Am Abend fuhren wir wieder zu unserem Übernachtungsquartier und wurden mit gegrillten hofeigenen Produkten von Lamm und Ziege verköstigt. Im Abendgespräch hatten wir mit unserem Gastgeber die Möglichkeit über die Rückkehrer in unserer Kulturlandschaft Bär, Luchs und Wolf zu diskutieren, über damit verbundene Herausforderungen für Tierhalter und mögliche Lösungsansätze.  

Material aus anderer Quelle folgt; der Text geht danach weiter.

lemma chain_sum_1:
  assumes "m > 0"
  shows "chain_sum a 1 m = (\<Sum>j | j dvd m. j * a j)"
  unfolding chain_sum_def
proof (rule sum.reindex_bij_witness[where j = "\<lambda>d. d 0" and i = "\<lambda>j. (\<lambda>_. undefined)(0 := j)"])
  fix d assume "d \<in> divisor_chains 1 m"
  then show "(\<lambda>_. undefined)(0 := d 0) = d" "d 0 \<in> {j. j dvd m}"
    by (auto simp: divisor_chains_def fun_eq_iff PiE_def extensional_def)
qed (use assms in \<open>auto simp: divisor_chains_def PiE_def extensional_def intro: Suc_leI Nat.gr0I dest: dvd_imp_le\<close>)

lemma divisor_chains_fun_upd:
  assumes n: "n \<ge> 1" and e: "e \<in> divisor_chains n j" and j: "j dvd m" and m: "m > 0"
  shows "e(n := j) \<in> divisor_chains (Suc n) m"
proof -
  have "0 < j" "j \<le> m"
    using j m by (auto intro: dvd_pos_nat dvd_imp_le)
  moreover have "e \<in> {..<n} \<rightarrow>\<^sub>E {1..j}"
    using e by (simp add: divisor_chains_def)
  ultimately have "e(n := j) \<in> {..<Suc n} \<rightarrow>\<^sub>E {1..m}"
    unfolding lessThan_Suc by (intro PiE_fun_upd) (force simp: PiE_iff)+
  moreover have "(e(n := j)) i dvd (e(n := j)) (Suc i)" if "Suc i < Suc n" for i
    using e n that by (cases "Suc i = n") (auto simp: divisor_chains_def)
  ultimately show ?thesis
    using j by (simp add: divisor_chains_def)
qed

Unser letzter Exkursionstag stand unter dem Motto „Naturressourcen nachhaltig nutzen – Regionalentwicklung im Biosphärengebiet Schwarzwald“. Als erstes besuchten wir die Rindererzeugergemeinschaft Gersbach/Wiesental. Dort bekamen wir einen Einblick in die Bedeutung von Nebenerwerbslandwirtschaft für die Offenhaltung der dortigen Landschaft. Am Nachmitttag trafen wir uns mit Herrn Bürgermeister Schönbett, von der Gemeinde Kleines Wiesental. Er erläuterte uns den Entstehungsprozess des jungen Biosphärengebiets und damit verbundene Entwicklungsperspektiven für die Gemeinden. Es wurde besonders deutlich, dass innovative Ansätze für eine zukunftsfähige Entwicklung der Gemeinden und ihrer Landschaft erforderlich sind.  
Mit diesen vielen spannenden Eindrücken fuhren wir am Abend zurück nach Freising zurück, um die gewonnen Erkenntnissen bis zu Semesterende in unsere Referate einfließen zu lassen.